Each of the additional features and teachings disclosed herein can be utilized separately or in conjunction with other features and teachings for protective coverings. Representative examples using many of these additional features and teachings, both separately and in combination, are described in further detail with reference to the attached drawings. This detailed description is merely intended for illustration purposes to teach a person of skill in the art further details for practicing preferred aspects of the present teachings and is not intended to limit the scope of the claims. Therefore, combinations of features disclosed in the detailed description may not be necessary to practice the teachings in the broadest sense, and are instead taught merely to describe particularly representative examples of the present disclosure. Additionally and obviously, features may be added or subtracted as desired without departing from the broader spirit and scope of the disclosure. Accordingly, the disclosure is not to be restricted except in light of the attached claims and their equivalents.

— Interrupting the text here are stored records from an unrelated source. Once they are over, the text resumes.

lemma reverse_enumeration:
  assumes "finite L" "L \<subseteq> S"
  shows "\<exists>(n :: nat) ts. (\<forall>i<n. ts i \<in> S)
    \<and> (\<forall>t\<in>L. \<exists>i<n. \<forall>x y. \<alpha> t x = Some y \<longrightarrow> \<alpha> (ts i) y = Some x)"
proof -
  obtain ls where ls: "set ls = L" using finite_list assms(1) by blast
  obtain rev where rev: "\<forall>t\<in>S. rev t \<in> S \<and> (\<forall>x y. \<alpha> t x = Some y \<longrightarrow> \<alpha> (rev t) y = Some x)"
    using reverse_exists by metis
  have "\<forall>i<length ls. rev (ls ! i) \<in> S" using rev ls assms(2) nth_mem by blast
  moreover have "\<exists>i<length ls. \<forall>x y. \<alpha> t x = Some y \<longrightarrow> \<alpha> (rev (ls ! i)) y = Some x" if t: "t \<in> L" for t
  proof -
    obtain i where "i < length ls" "ls ! i = t" using t ls by (auto simp: in_set_conv_nth)
    then show ?thesis using rev t assms(2) by blast
  qed
  ultimately show ?thesis by (intro exI[of _ "length ls"] exI[of _ "\<lambda>i. rev (ls ! i)"]) blast
qed

lemma two_to_one_imp_paradoxical:
  fixes \<phi> :: "'x \<times> bool \<Rightarrow> 'x" and n :: nat
  assumes ts: "\<forall>i<n. ts i \<in> S" and \<phi>: "inj_on \<phi> (X \<times> UNIV)"
    and recovers: "\<And>x b. x \<in> X \<Longrightarrow> \<exists>i<n. \<alpha> (ts i) (\<phi> (x, b)) = Some x"
  shows "paradoxical S X \<alpha> X"
proof -
  have half_X: "\<phi> (x, b) \<in> X" if x: "x \<in> X" for x b
  proof -
    obtain i where "i < n" "\<alpha> (ts i) (\<phi> (x, b)) = Some x" using recovers[OF x] by blast
    then show ?thesis using dom_subset ts by blast
  qed
  have inj: "inj_on (\<lambda>x. \<phi> (x, b)) X" for b
  proof (rule inj_onI)
    fix x y assume "x \<in> X" "y \<in> X" "\<phi> (x, b) = \<phi> (y, b)"
    then have "(x, b) = (y, b)" by (intro inj_onD[OF \<phi>]) auto
    then show "x = y" by simp
  qed
  obtain P where P: "\<forall>i<n. P i \<subseteq> dom (\<alpha> (ts i))" "X = (\<Union>i<n. pimg (\<alpha> (ts i)) (P i))"
      "\<forall>i<n. \<forall>j<n. i \<noteq> j \<longrightarrow> pimg (\<alpha> (ts i)) (P i) \<inter> pimg (\<alpha> (ts j)) (P j) = {}"
      "\<forall>i<n. \<forall>j<n. i \<noteq> j \<longrightarrow> P i \<inter> P j = {}" "(\<Union>i<n. P i) \<subseteq> (\<lambda>x. \<phi> (x, False)) ` X"
    using piecewise_inverse_decomposition[OF inj[of False] recovers[of _ False]] by blast
  obtain Q where Q: "\<forall>i<n. Q i \<subseteq> dom (\<alpha> (ts i))" "X = (\<Union>i<n. pimg (\<alpha> (ts i)) (Q i))"
      "\<forall>i<n. \<forall>j<n. i \<noteq> j \<longrightarrow> pimg (\<alpha> (ts i)) (Q i) \<inter> pimg (\<alpha> (ts j)) (Q j) = {}"
      "\<forall>i<n. \<forall>j<n. i \<noteq> j \<longrightarrow> Q i \<inter> Q j = {}" "(\<Union>i<n. Q i) \<subseteq> (\<lambda>x. \<phi> (x, True)) ` X"
    using piecewise_inverse_decomposition[OF inj[of True] recovers[of _ True]] by blast
  have "\<phi> (x, False) \<noteq> \<phi> (y, True)" if "x \<in> X" "y \<in> X" for x y
    using inj_onD[OF \<phi>, of "(x, False)" "(y, True)"] that by auto
  then have "(\<lambda>x. \<phi> (x, False)) ` X \<inter> (\<lambda>x. \<phi> (x, True)) ` X = {}" by blast
  then have PQ: "\<forall>i<n. \<forall>j<n. P i \<inter> Q j = {}" using P(5) Q(5) by blast
  have sub: "(\<Union>i<n. P i) \<union> (\<Union>j<n. Q j) \<subseteq> X" using P(5) Q(5) half_X by blast
  then have P_pieces: "\<forall>i<n. ts i \<in> S \<and> P i \<subseteq> X \<and> P i \<subseteq> dom (\<alpha> (ts i))"
    and Q_pieces: "\<forall>i<n. ts i \<in> S \<and> Q i \<subseteq> X \<and> Q i \<subseteq> dom (\<alpha> (ts i))"
    using ts P(1) Q(1) by blast+
  show ?thesis
    unfolding paradoxical_def
    by (rule exI[of _ n], rule exI[of _ n], rule exI[of _ P], rule exI[of _ Q], rule exI[of _ ts], rule exI[of _ ts]) (intro conjI P_pieces Q_pieces P(2) P(3) Q(2) Q(3) sub P(4) Q(4) PQ)
qed

lemma doubling_imp_paradoxical:
  assumes L: "finite L" "L \<subseteq> S"
    and doubling: "\<And>F. finite F \<Longrightarrow> F \<subseteq> X \<Longrightarrow> 2 * card F \<le> card (nbhd \<alpha> L F)"
  shows "paradoxical S X \<alpha> X"
proof -
  define N where "N v = nbhd \<alpha> L {fst v}" for v :: "'x \<times> bool"
  have "\<exists>\<phi>. inj_on \<phi> (X \<times> UNIV) \<and> (\<forall>v\<in>X \<times> UNIV. \<phi> v \<in> N v)"
  proof (rule marriage)
    show "\<forall>v\<in>X \<times> UNIV. finite (N v)" using finite_nbhd L(1) unfolding N_def by blast
    fix G :: "('x \<times> bool) set" assume G: "finite G" "G \<subseteq> X \<times> UNIV"
    have "G \<subseteq> fst ` G \<times> (UNIV :: bool set)" by force
    then have "card G \<le> card (fst ` G \<times> (UNIV :: bool set))"
      using G(1) by (intro card_mono) auto
    also have "\<dots> = 2 * card (fst ` G)" by (simp add: card_cartesian_product)
    also have "\<dots> \<le> card (nbhd \<alpha> L (fst ` G))" using G by (intro doubling) auto
    also have "nbhd \<alpha> L (fst ` G) = \<Union>(N ` G)" unfolding N_def nbhd_def pimage_def by blast
    finally show "card G \<le> card (\<Union>(N ` G))" .
  qed
  then obtain \<phi> where \<phi>: "inj_on \<phi> (X \<times> UNIV)" "\<forall>v\<in>X \<times> UNIV. \<phi> v \<in> N v" by blast
  obtain n :: nat and ts where ts: "\<forall>i<n. ts i \<in> S"
    and reverses: "\<forall>t\<in>L. \<exists>i<n. \<forall>x y. \<alpha> t x = Some y \<longrightarrow> \<alpha> (ts i) y = Some x"
    using reverse_enumeration[OF L] by blast
  have "\<exists>i<n. \<alpha> (ts i) (\<phi> (x, b)) = Some x" if x: "x \<in> X" for x b
  proof -
    obtain t where "t \<in> L" "\<alpha> t x = Some (\<phi> (x, b))"
      using \<phi>(2) x unfolding N_def nbhd_def pimage_def by auto
    then show ?thesis using reverses by blast
  qed
  then show ?thesis by (rule two_to_one_imp_paradoxical[OF ts \<phi>(1)])
qed

end

theorem mainTheorem4:
  fixes S :: "'s set" and m :: "'s \<Rightarrow> 's \<Rightarrow> 's" and e :: 's
    and X :: "'x set" and \<alpha> :: "'s \<Rightarrow> 'x \<Rightarrow> 'x option"
  assumes "inverse_monoid S m e"
    and "countable S"
    and "representation S m e X \<alpha>"
  shows "(domain_measurable S X \<alpha> X \<longleftrightarrow> \<not> paradoxical S X \<alpha> X)
       \<and> (\<not> paradoxical S X \<alpha> X \<longleftrightarrow> domain_folner S \<alpha> X)"
proof -
  interpret inverse_monoid_rep S m e X \<alpha> using assms(1,3) by unfold_locales
  have "paradoxical S X \<alpha> X" if not_folner: "\<not> domain_folner S \<alpha> X"
  proof -
    have "S \<noteq> {}" using unit_mem by blast
    then obtain K \<epsilon> where K: "finite K" "K \<subseteq> S" "\<epsilon> > 0"
      and expands: "\<forall>F. finite F \<and> F \<noteq> {} \<and> F \<subseteq> X \<longrightarrow>
        (\<exists>s\<in>K. \<epsilon> * real (card F) < real (card (pimage (\<alpha> s) F - F)))"
      using domain_folnerI[OF assms(2)] not_folner by (meson not_le)
    then obtain L where "finite L" "L \<subseteq> S"
      and "\<forall>F. finite F \<longrightarrow> F \<subseteq> X \<longrightarrow> 2 * card F \<le> card (nbhd \<alpha> L F)"
      using expansion_imp_doubling[OF K] by blast
    then show ?thesis using doubling_imp_paradoxical by blast
  qed
  then show ?thesis
    using domain_measurable_imp_not_paradoxical domain_folner_imp_domain_measurable by blast
qed

end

Moreover, the various features of the representative examples and the dependent claims may be combined in ways that are not specifically and explicitly enumerated in order to provide additional useful embodiments of the present teachings. It is also expressly noted that all value ranges or indications of groups of entities disclose every possible intermediate value or intermediate entity for the purpose of original disclosure, as well as for the purpose of restricting the claimed subject matter. It is also expressly noted that the dimensions and the shapes of the components shown in the figures are designed to help to understand how the present teachings are practiced, but not intended to limit the dimensions and the shapes shown in the examples.

None of the pending claims includes limitations presented in “means plus function” or “step plus function” form. (See, 35 USC § 112(f)). It is Applicant's intent that none of the claim limitations be interpreted under or in accordance with 35 U.S.C. § 112(f).

Claims

1. A method for generating a cross-traits polygenic risk score (PRS) model, comprising:

selecting a phenotype of interest having a set of summary statistics from a genome wide association study (GWAS);
selecting a plurality of candidate phenotypes, each candidate phenotype having a set of summary statistics from a corresponding GWAS for that candidate phenotype;
determining a set of genetic correlations between the phenotype of interest and each candidate phenotype of the plurality of candidate phenotypes;
filtering the plurality of candidate phenotypes based on the set of genetic correlations to assemble a cohort of filtered candidate phenotypes;
retrieving a plurality of PRS models, each PRS model corresponding to a phenotype of the cohort of filtered candidate phenotypes; and
determining the cross-traits PRS model based at least in part on the plurality of PRS models.

2. The method of claim 1, wherein the set of genetic correlations comprises p-values between the phenotype of interest and each candidate phenotype, and filtering the plurality of candidate phenotypes based on the set of genetic correlations is further based on a p-value threshold.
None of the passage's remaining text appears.